- TASK REQUIREMENTS
Beneath this task are records; print exactly the stretch of them from the line with "(1\<^sub>m k) (N" through the line with "one_carrier_mat zero_carrier_mat S", both ends included.

[Stored data]

text \<open>Conjugating by the shear with blocks \<open>1, N, 0, 1\<close> clears the upper right block.\<close>
lemma char_poly_four_block_one_mat:
  fixes T :: "'a::idom mat"
  assumes T: "T \<in> carrier_mat k m" and S: "S \<in> carrier_mat m k" and D: "D \<in> carrier_mat m m"
    and N: "N \<in> carrier_mat k m"
    and NS: "N * S = 0\<^sub>m k k" and ND: "N * D = N + T"
  shows "char_poly (four_block_mat (1\<^sub>m k) T S D) = [:-1, 1:] ^ k * char_poly (D + S * N)"
proof -
  define M where "M = four_block_mat (1\<^sub>m k) T S D"
  define Q where "Q = four_block_mat (1\<^sub>m k) N (0\<^sub>m m k) (1\<^sub>m m)"
  define Q' where "Q' = four_block_mat (1\<^sub>m k) (- N) (0\<^sub>m m k) (1\<^sub>m m)"
  define B where "B = four_block_mat (1\<^sub>m k) (0\<^sub>m k m) S (D + S * N)"
  have SN: "S * N \<in> carrier_mat m m" and DSN: "D + S * N \<in> carrier_mat m m"
    using S N D by simp_all
  have carrier: "M \<in> carrier_mat (k + m) (k + m)" "Q \<in> carrier_mat (k + m) (k + m)"
    "Q' \<in> carrier_mat (k + m) (k + m)" "B \<in> carrier_mat (k + m) (k + m)"
    using D DSN by (simp_all add: M_def Q_def Q'_def B_def)
  have "N * (D + S * N) = N * D + N * S * N"
    using N S D by (simp add: mult_add_distrib_mat)
  then have ND': "N * (D + S * N) = N + T"
    using N T by (simp add: NS ND)
  have neg_N: "N + - N = 0\<^sub>m k m" "- 0\<^sub>m m m = (0\<^sub>m m m :: 'a mat)"
    using N by auto
  have QQ': "Q * Q' = 1\<^sub>m (k + m)" and Q'Q: "Q' * Q = 1\<^sub>m (k + m)"
    unfolding Q_def Q'_def using N
    by (simp_all add: neg_N mult_four_block_mat[OF one_carrier_mat _ zero_carrier_mat
          one_carrier_mat one_carrier_mat _ zero_carrier_mat one_carrier_mat])
  have "M * Q = four_block_mat (1\<^sub>m k) (N + T) S (S * N + D)"
    unfolding M_def Q_def
    by (subst mult_four_block_mat[OF one_carrier_mat T S D one_carrier_mat N zero_carrier_mat
          one_carrier_mat]) (use T S D N in simp)
  also have "\<dots> = Q * B"
    unfolding Q_def B_def
    by (subst mult_four_block_mat[OF one_carrier_mat N zero_carrier_mat one_carrier_mat
          one_carrier_mat zero_carrier_mat S DSN])
      (use T S D N in \<open>simp add: NS ND' comm_add_mat[OF SN D]\<close>)
  finally have MQ: "M * Q = Q * B" .
  have "M = M * (Q * Q')"
    by (simp only: QQ' right_mult_one_mat[OF carrier(1)])
  also have "\<dots> = Q * B * Q'"
    by (simp only: MQ flip: assoc_mult_mat[OF carrier(1-3)])
  finally have "similar_mat M B"
    unfolding similar_mat_def similar_mat_wit_def Let_def
    using carrier QQ' Q'Q by (intro exI[of _ Q] exI[of _ Q']) simp
  then have "char_poly M = char_poly B"
    by (rule char_poly_similar)
  also have "\<dots> = [:-1, 1:] ^ k * char_poly (D + S * N)"
    unfolding B_def char_poly_four_block_upper_right_zero[OF one_carrier_mat S DSN] char_poly_one_mat ..
  finally show ?thesis
    by (simp only: M_def)
qed

lemma sum_list_delta_mult:
  fixes f :: "'a \<Rightarrow> 'b::semiring_1"
  assumes "distinct xs" "x \<in> set xs"
  shows "(\<Sum>y\<leftarrow>xs. (if x = y then c else 0) * f y) = c * f x"
proof -
  have "(\<lambda>y. (if x = y then c else 0) * f y) = (\<lambda>y. if x = y then c * f x else 0)"
    by auto
  then show ?thesis
    using assms by (simp add: sum_list_distinct_conv_sum_set)
qed

lemma char_poly_kernel_mat_twins:
  fixes g g' :: "'a \<Rightarrow> 'a \<Rightarrow> 'b::idom"
  assumes distinct: "distinct (us @ z # zs)"
    and twin_block: "\<And>x y. x \<in> insert z (set us) \<Longrightarrow> y \<in> insert z (set us) \<Longrightarrow>
      g x y = (if x = y then 1 else 0)"
    and twin_rows: "\<And>u y. u \<in> set us \<Longrightarrow> y \<in> set zs \<Longrightarrow> g u y = g z y"
    and merged: "\<And>x y. x \<in> set (z # zs) \<Longrightarrow> y \<in> set (z # zs) \<Longrightarrow>
      g' x y = (if y = z then \<Sum>u\<in>insert z (set us). g x u else g x y)"
  shows "char_poly (kernel_mat (us @ z # zs) (us @ z # zs) g) =
    [:-1, 1:] ^ length us * char_poly (kernel_mat (z # zs) (z # zs) g')"
proof -
  define ys where "ys = z # zs"
  define N where "N = kernel_mat us ys (\<lambda>_ y. if z = y then 1 else 0 :: 'b)"
  have z: "z \<notin> set us" "z \<notin> set zs" and dist: "distinct us" "distinct zs"
    using distinct by auto
  have pick_z: "(\<Sum>y\<leftarrow>ys. (if z = y then 1 else 0) * h y) = h z" for h :: "'a \<Rightarrow> 'b"
    using z dist sum_list_delta_mult[of ys z 1 h] by (simp add: ys_def)
  have "kernel_mat us us g = kernel_mat us us (\<lambda>x y. if x = y then 1 else 0)"
    using twin_block by (intro kernel_mat_cong) auto
  then have blocks: "kernel_mat (us @ ys) (us @ ys) g =
      four_block_mat (1\<^sub>m (length us)) (kernel_mat us ys g) (kernel_mat ys us g) (kernel_mat ys ys g)"
    by (simp add: kernel_mat_append kernel_mat_delta dist)
  have "N * kernel_mat ys us g = kernel_mat us us (\<lambda>_ u. g z u)"
    by (simp add: N_def kernel_mat_mult pick_z)
  also have "\<dots> = kernel_mat us us (\<lambda>_ _. 0)"
    using twin_block z by (intro kernel_mat_cong) auto
  also have "\<dots> = 0\<^sub>m (length us) (length us)"
    by (rule kernel_mat_zero)
  finally have NS: "N * kernel_mat ys us g = 0\<^sub>m (length us) (length us)" .
  have "N * kernel_mat ys ys g = kernel_mat us ys (\<lambda>_ y. g z y)"
    by (simp add: N_def kernel_mat_mult pick_z)
  also have "\<dots> = N + kernel_mat us ys g"
    unfolding N_def kernel_mat_add using twin_block twin_rows distinct
    by (intro kernel_mat_cong) (auto simp: ys_def)
  finally have ND: "N * kernel_mat ys ys g = N + kernel_mat us ys g" .
  have "kernel_mat ys ys g + kernel_mat ys us g * N = kernel_mat ys ys g'"
    unfolding N_def kernel_mat_mult kernel_mat_add using z dist merged
    by (intro kernel_mat_cong) (auto simp: ys_def sum_list_distinct_conv_sum_set)
  moreover have "char_poly (kernel_mat (us @ ys) (us @ ys) g) =
      [:-1, 1:] ^ length us * char_poly (kernel_mat ys ys g + kernel_mat ys us g * N)"
    unfolding blocks by (rule char_poly_four_block_one_mat[OF _ _ _ _ NS ND, where m = "length ys"])
      (simp_all add: N_def)
  ultimately show ?thesis
    by (simp only: ys_def)
qed

section \<open>Normalized Laplacians\<close>

text \<open>The entries of \<open>Id - D\<^sup>-\<^sup>1 A\<close>; since \<open>A\<close> holds the negated codegrees, they are
  nonnegative.\<close>
definition laplacian_entry :: "'a set set \<Rightarrow> 'a \<Rightarrow> 'a \<Rightarrow> complex" where
  "laplacian_entry H x y =
    (if x = y then 1 else of_nat (card {h\<in>H. x \<in> h \<and> y \<in> h}) / of_nat (hdeg H x))"

lemma norm_laplacian_eq_kernel_mat:
  "map_mat complex_of_real (norm_laplacian V H) = kernel_mat (vlist V) (vlist V) (laplacian_entry H)"
proof -
  let ?xs = "vlist V" and ?codeg = "\<lambda>x y. real (card {h\<in>H. x \<in> h \<and> y \<in> h})"
  have xs: "distinct ?xs" "length ?xs = card V"
    by (simp_all add: vlist_def)
  have "deg_inv_mat V H = kernel_mat ?xs ?xs (\<lambda>x y. if x = y then 1 / real (hdeg H x) else 0)"
    "adj_mat V H = kernel_mat ?xs ?xs (\<lambda>x y. if x = y then 0 else - ?codeg x y)"
    using xs by (auto simp: deg_inv_mat_def adj_mat_def nth_eq_iff_index_eq)
  then have "deg_inv_mat V H * adj_mat V H =
      kernel_mat ?xs ?xs (\<lambda>x y. if x = y then 0 else - ?codeg x y / real (hdeg H x))"
    using xs by (auto simp: kernel_mat_mult sum_list_delta_mult intro!: kernel_mat_cong)
  then show ?thesis
    using xs by (auto simp: norm_laplacian_def laplacian_entry_def nth_eq_iff_index_eq)
qed

lemma hspectrum_kernel_mat:
  assumes "distinct xs" "set xs = V"
  shows "hspectrum V H = proots (char_poly (kernel_mat xs xs (laplacian_entry H)))"
proof -
  have "char_poly (kernel_mat (vlist V) (vlist V) g) = char_poly (kernel_mat xs xs g)"
    for g :: "'a \<Rightarrow> 'a \<Rightarrow> complex"
    by (rule char_poly_kernel_mat_perm) (use assms in \<open>auto simp: vlist_def\<close>)
  then show ?thesis
    by (simp add: hspectrum_def norm_laplacian_eq_kernel_mat)
qed

lemma hspectrum_merge_twins:
  fixes C Z :: "'a::linorder set"
  assumes "finite C" "finite Z" "C \<inter> Z = {z}"
    and twin_block: "\<And>x y. x \<in> C \<Longrightarrow> y \<in> C \<Longrightarrow> laplacian_entry H x y = (if x = y then 1 else 0)"
    and twin_rows: "\<And>u y. u \<in> C \<Longrightarrow> y \<in> Z - {z} \<Longrightarrow> laplacian_entry H u y = laplacian_entry H z y"
    and merged: "\<And>x y. x \<in> Z \<Longrightarrow> y \<in> Z \<Longrightarrow> laplacian_entry H' x y =
      (if y = z then \<Sum>u\<in>C. laplacian_entry H x u else laplacian_entry H x y)"
  shows "hspectrum (C \<union> Z) H = hspectrum Z H' + replicate_mset (card C - 1) 1"
proof -
  define us zs where "us = vlist (C - {z})" and "zs = vlist (Z - {z})"
  have z: "z \<in> C" "z \<in> Z"
    using assms(3) by auto
  have us: "distinct us" "insert z (set us) = C" "length us = card C - 1"
    and zs: "distinct zs" "set zs = Z - {z}"
    using assms(1-3) z by (auto simp: us_def zs_def vlist_def)
  have distinct: "distinct (us @ z # zs)" and Z: "distinct (z # zs)" "set (z # zs) = Z"
    using us zs assms(3) z by (auto simp: us_def vlist_def assms(1))
  have char_poly_nonzero: "char_poly (kernel_mat xs xs g) \<noteq> 0"
    for xs and g :: "'a \<Rightarrow> 'a \<Rightarrow> complex"
    using degree_monic_char_poly[OF kernel_mat_carrier, of xs g] by auto
  have twins: "char_poly (kernel_mat (us @ z # zs) (us @ z # zs) (laplacian_entry H)) =
      [:-1, 1:] ^ (card C - 1) * char_poly (kernel_mat (z # zs) (z # zs) (laplacian_entry H'))"
    unfolding us(3)[symmetric] using twin_block twin_rows merged us zs Z
    by (intro char_poly_kernel_mat_twins[OF distinct]) auto
  have "hspectrum (C \<union> Z) H =
      proots (char_poly (kernel_mat (us @ z # zs) (us @ z # zs) (laplacian_entry H)))"
    using distinct us zs z by (intro hspectrum_kernel_mat) auto
  also have "\<dots> =
      proots ([:-1, 1:] ^ (card C - 1) * char_poly (kernel_mat (z # zs) (z # zs) (laplacian_entry H')))"
    unfolding twins ..
  also have "\<dots> = replicate_mset (card C - 1) 1 + hspectrum Z H'"
    using char_poly_nonzero by (simp add: proots_mult proots_power hspectrum_kernel_mat[OF Z])
  finally show ?thesis
    by (simp add: add.commute)
qed

section \<open>Hyperflowers\<close>

locale flower =
  fixes V :: "'a set" and H :: "'a set set" and l r :: nat
    and v :: "nat \<Rightarrow> 'a" and hs :: "nat \<Rightarrow> 'a set"
  assumes hyperflower: "hyperflower V H l r v hs" and peripheral_nonempty: "1 \<le> l"
begin

definition petal_vertices :: "'a set" where
  "petal_vertices = (\<Union>i\<in>{1..r}. hs i)"

definition incidence :: "'a \<Rightarrow> (nat \<times> nat) set" where
  "incidence x = {(i, j) \<in> {1..r} \<times> {1..l}. x \<in> hs i \<union> {v j}}"

lemma inj_peripheral: "inj_on v {1..l}"
  using hyperflower by (simp add: hyperflower_def)

lemma peripheral_notin_petal: "i \<in> {1..r} \<Longrightarrow> a \<in> {1..l} \<Longrightarrow> v a \<notin> hs i"
  using hyperflower unfolding hyperflower_def by blast

lemma petals_disjoint: "i \<in> {1..r} \<Longrightarrow> k \<in> {1..r} \<Longrightarrow> x \<in> hs i \<Longrightarrow> x \<in> hs k \<Longrightarrow> i = k"
  using hyperflower unfolding hyperflower_def by blast

lemma card_peripheral: "card (v ` {1..l}) = l"
  using inj_peripheral by (simp add: card_image)

lemma vertices_eq: "V = v ` {1..l} \<union> petal_vertices"
  using hyperflower by (simp add: hyperflower_def petal_vertices_def)

lemma hyperedges_eq: "H = (\<lambda>(i, j). hs i \<union> {v j}) ` ({1..r} \<times> {1..l})"
  using hyperflower unfolding hyperflower_def by fast

lemma finite_vertices: "finite V"
  using hyperflower unfolding hyperflower_def hypergraph_def by blast

lemma peripheral_notin_petal_vertices: "a \<in> {1..l} \<Longrightarrow> v a \<notin> petal_vertices"
  using peripheral_notin_petal by (auto simp: petal_vertices_def)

- ANSWER SPACE
  have "M * Q = four_block_mat (1\<^sub>m k) (N + T) S (S * N + D)"
    unfolding M_def Q_def
    by (subst mult_four_block_mat[OF one_carrier_mat T S D one_carrier_mat N zero_carrier_mat
          one_carrier_mat]) (use T S D N in simp)
  also have "\<dots> = Q * B"
    unfolding Q_def B_def
    by (subst mult_four_block_mat[OF one_carrier_mat N zero_carrier_mat one_carrier_mat
          one_carrier_mat zero_carrier_mat S DSN])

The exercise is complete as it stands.